No campo cultural, temos melhorado imenso. Ainda há dias ouvi no programa "Câmara Clara" da RTP2 António Tabucchi tecer um enorme elogio à expansão que se nota no meio cultural português. Perfilho a mesma opinião. Umas semanas antes, Mário Soares falou sobre Novas Políticas numa sessão do INATEL no Teatro Trindade. No final, houve a habital sessão de perguntas-e-respostas. A primeira pergunta que alguém lhe fez foi sobre "a confrangedora pobreza do nosso país no domínio das artes e da cultura". A resposta de Mário Soares, viajado e conhecedor de meio-mundo, foi simples: "Nunca como hoje em dia vi tão grande desenvolvimento cultural no nosso país, seja nas grandes cidades, seja em centros mais pequenos!" Pensemos na programação da Casa da Música, no Porto, e do CCB em Lisboa. Música e ópera no S. Carlos. Clubes de Leitores. Tertúlias. Conferências, exposições, festivais e teatro em montes de sítios. Será pouco? Dantes havia mais?
E que dizer do êxito de obras de arte moderna de colecções portuguesas que são exibidas no estrangeiro? E dos arquitectos portugueses que são convidados para projectos em todo o mundo - e só o muito distraído é que pensará, ao ler esta linha, apenas no Siza Vieira!
Se olharmos bem, repararemos que o êxito de vários escritores portugueses tem sido notável. Hoje, temos escritores traduzidos no estrangeiro muito mais do que anteriormente. Consideremos, por exemplo, Gonçalo M. Tavares, A. Lobo Antunes, Saramago, Lídia Jorge. Mas há muitos mais.
Da distribuição de milhares de unidades do pequeno computador Magalhães nas escolas procura-se retirar basicamente o elemento de escárnio e gozo. Ao resto não se liga. Enfatiza-se aquilo que toda a gente sabe: que, na realidade, não é um computador que ensina a pensar. Mas de que ensina muitas outras coisas não pode haver dúvidas.

Voltando aos nossos jornais e telejornais. Parecem apostados em dar ao povo aquilo que julgam que o povo tem gosto em comer. Tricas e mais tricas, má-língua, disputas entre políticos, bota-abaixo, questões ditas de lana caprina.

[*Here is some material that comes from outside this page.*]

(* Consider the utility-minus-cost problem $$\max_{\boldsymbol{r},\boldsymbol{\phi}}\ \sum_{i\in\mathcal{V}}\sum_{a\in\mathcal{A}}U_{ia}(r_i(a))-\sum_{(i,j)\in\mathcal{E}}D_{ij}(F_{ij})-\sum_{i\in\mathcal{V}}C_i(G_i)\quad\text{s.t. } 0\le r_i(a)\le\bar r_i(a),\ \boldsymbol{r}\in\mathcal{D}_{\boldsymbol{r}},\ \boldsymbol{\phi}\in\mathcal{D}_{\boldsymbol{\phi}}(\boldsymbol{r}),$$ reparametrized by admission fractions $\phi_{i^Vi}(a),\phi_{i^Vd_a}(a)\ge0$ with $\phi_{i^Vi}(a)+\phi_{i^Vd_a}(a)=1$ and $r_i(a)=\phi_{i^Vi}(a)\,\bar r_i(a)$. Let $(\boldsymbol{r},\boldsymbol{\phi})$ with admission fractions be feasible. If $\boldsymbol{\phi}$ satisfies condition (SC) (for input $\boldsymbol{r}$), and for all $i\in\mathcal{V}$ and $a\in\mathcal{A}$, $$\frac{\partial T}{\partial t_i(a,0)}\le U'_{ia}(r_i(a))\ \text{ if }\phi_{i^Vi}(a)>0,\qquad \frac{\partial T}{\partial t_i(a,0)}\ge U'_{ia}(r_i(a))\ \text{ if }\phi_{i^Vd_a}(a)>0,$$ then $(\boldsymbol{r},\boldsymbol{\phi})$ is a global optimal solution of the utility-minus-cost problem.
   Context: Service-chain computing network model. $\mathcal{G}=(\mathcal{V},\mathcal{E})$ is a directed, strongly connected graph whose links are bidirectional ($(i,j)\in\mathcal{E}\Rightarrow(j,i)\in\mathcal{E}$). $\mathcal{A}$ is a finite set of applications; application $a$ has a destination $d_a\in\mathcal{V}$ and a chain of $|\mathcal{T}_a|$ tasks performed in order. The set of stages is $\mathcal{S}=\{(a,k): a\in\mathcal{A}, k=0,1,\dots,|\mathcal{T}_a|\}$; stage $(a,k)$ denotes packets that have completed the first $k$ tasks of $a$, and has packet size $L_{(a,k)}>0$. Exogenous input rates are $r_i(a)\ge 0$ (stage $(a,0)$ packets injected at node $i$), $\boldsymbol{r}=[r_i(a)]$. The forwarding strategy $\boldsymbol{\phi}=[\phi_{ij}(a,k)]_{(a,k)\in\mathcal{S},i\in\mathcal{V},j\in\{0\}\cup\mathcal{V}}$ has $\phi_{ij}(a,k)\in[0,1]$; for $j\in\mathcal{V}$ it is the fraction of node $i$'s stage-$(a,k)$ traffic sent to node $j$ (with $\phi_{ij}(a,k)=0$ if $(i,j)\notin\mathcal{E}$), and $\phi_{i0}(a,k)$ is the fraction sent to $i$'s local processor, which converts each stage-$(a,k)$ packet into one stage-$(a,k+1)$ packet; $\phi_{i0}(a,|\mathcal{T}_a|)=0$. Flow conservation: $\sum_{j\in\{0\}\cup\mathcal{V}}\phi_{ij}(a,k)=0$ if $k=|\mathcal{T}_a|$ and $i=d_a$, and $=1$ otherwise. Traffic $t_i(a,k)$ satisfies $t_i(a,0)=\sum_{j\in\mathcal{V}}t_j(a,0)\phi_{ji}(a,0)+r_i(a)$ and, for $k\ge1$, $t_i(a,k)=\sum_{j\in\mathcal{V}}t_j(a,k)\phi_{ji}(a,k)+t_i(a,k-1)\phi_{i0}(a,k-1)$. Link flows $f_{ij}(a,k)=t_i(a,k)\phi_{ij}(a,k)$, processor inputs $g_i(a,k)=t_i(a,k)\phi_{i0}(a,k)$, total link flow $F_{ij}=\sum_{(a,k)\in\mathcal{S}}L_{(a,k)}f_{ij}(a,k)$, computation workload $G_i=\sum_{(a,k)\in\mathcal{S}}w_i(a,k)g_i(a,k)$ with weights $w_i(a,k)>0$. Link costs $D_{ij}(\cdot)$ and computation costs $C_i(\cdot)$ are increasing, continuously differentiable, convex functions (possibly taking value $+\infty$ outside a domain). Total cost $T(\boldsymbol{\phi})=\sum_{(i,j)\in\mathcal{E}}D_{ij}(F_{ij})+\sum_{i\in\mathcal{V}}C_i(G_i)$. The feasible set $\mathcal{D}_{\boldsymbol{\phi}}(\boldsymbol{r})$ consists of $\boldsymbol{\phi}$ satisfying flow conservation with all $D_{ij}(F_{ij})<\infty$ and $C_i(G_i)<\infty$; $\mathcal{D}_{\boldsymbol{r}}=\{\boldsymbol{r}\ge0:\mathcal{D}_{\boldsymbol{\phi}}(\boldsymbol{r})\neq\emptyset\}$. Marginal quantities: $\partial T/\partial t_i(a,k)$ is the marginal total cost of an additional exogenous injection of stage-$(a,k)$ traffic at node $i$ (with $\boldsymbol{\phi}$ fixed); it satisfies $\partial T/\partial t_{d_a}(a,|\mathcal{T}_a|)=0$, for $k=|\mathcal{T}_a|$: $\frac{\partial T}{\partial t_i(a,k)}=\sum_{j\in\mathcal{V}}\phi_{ij}(a,k)\big(L_{(a,k)}D'_{ij}(F_{ij})+\frac{\partial T}{\partial t_j(a,k)}\big)$, and for $k<|\mathcal{T}_a|$: $\frac{\partial T}{\partial t_i(a,k)}=\phi_{i0}(a,k)\big(w_i(a,k)C'_i(G_i)+\frac{\partial T}{\partial t_i(a,k+1)}\big)+\sum_{j\in\mathcal{V}}\phi_{ij}(a,k)\big(L_{(a,k)}D'_{ij}(F_{ij})+\frac{\partial T}{\partial t_j(a,k)}\big)$. Modified marginals: $\delta_{ij}(a,k)=L_{(a,k)}D'_{ij}(F_{ij})+\frac{\partial T}{\partial t_j(a,k)}$ for $j\in\mathcal{V}$ with $(i,j)\in\mathcal{E}$, $\delta_{i0}(a,k)=w_i(a,k)C'_i(G_i)+\frac{\partial T}{\partial t_i(a,k+1)}$ for $k<|\mathcal{T}_a|$, and $\delta_{ij}(a,k)=\infty$ for $(i,j)\notin\mathcal{E}$ and $\delta_{i0}(a,|\mathcal{T}_a|)=\infty$. Condition (SC): for all $i\in\mathcal{V}$, $j\in\{0\}\cup\mathcal{V}$, $(a,k)\in\mathcal{S}$, $\delta_{ij}(a,k)=\min_{j'\in\{0\}\cup\mathcal{V}}\delta_{ij'}(a,k)$ if $\phi_{ij}(a,k)>0$ and $\delta_{ij}(a,k)\ge\min_{j'}\delta_{ij'}(a,k)$ if $\phi_{ij}(a,k)=0$. Congestion control: each pair $(i,a)$ has a user-specified upper limit $\bar r_i(a)\ge0$ on the admitted rate and a utility function $U_{ia}:[0,\bar r_i(a)]\to\mathbb{R}$ that is increasing, concave, continuously differentiable, with $U_{ia}(0)=0$. A virtual gateway node $i^V$ receives rate $\bar r_i(a)$; the fraction $\phi_{i^Vi}(a)$ is admitted to physical node $i$ (so $r_i(a)=\phi_{i^Vi}(a)\bar r_i(a)$), the fraction $\phi_{i^Vd_a}(a)$ is rejected, incurring cost $U_{ia}(\bar r_i(a))-U_{ia}(r_i(a))$. *)

theory Defs
  imports "HOL-Analysis.Analysis"
begin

Com isto não estou de forma nenhuma a falar de governos, sociais-democratas, socialistas ou seja lá o que forem. Isso não é o principal, a não ser que cometam erros sobre erros. Olhemos as grandes linhas, sejamos exigentes para com os governantes mas principalmente no que respeita a uma melhor distribuição dos rendimentos (maior justiça social), a um combate a sério à corrupção, a uma administração célere de justiça, a uma educação rigorosa e não facilitista, a comportamentos éticos e não falsamente éticos, apenas encobridores de grandes maroscas, por parte das elites. Exijamos responsabilização e punição dos culpados. Estes não são temas menores.
Seria bom e mostraria um maior conhecimento do mundo se deixássemos de ouvir dizer coisas como "Só no nosso país é que se vê uma coisa assim!". Pense-se. Se o nosso país fosse tão mau como muitos portugueses e os media parecem gostar de apregoar, será que haveria entre nós tantos estrangeiros que, voluntariamente, se deixaram "tribalizar" pelo nosso clima e pelas nossas gentes? Pessoalmente, conheço umas duas dúzias deles. Por alguma razão cá se mantêm há tantos anos!
Desculpem o longo arrazoado. Não pretendo ter razão em tudo, mas parece-me que o assunto merece alguma reflexão.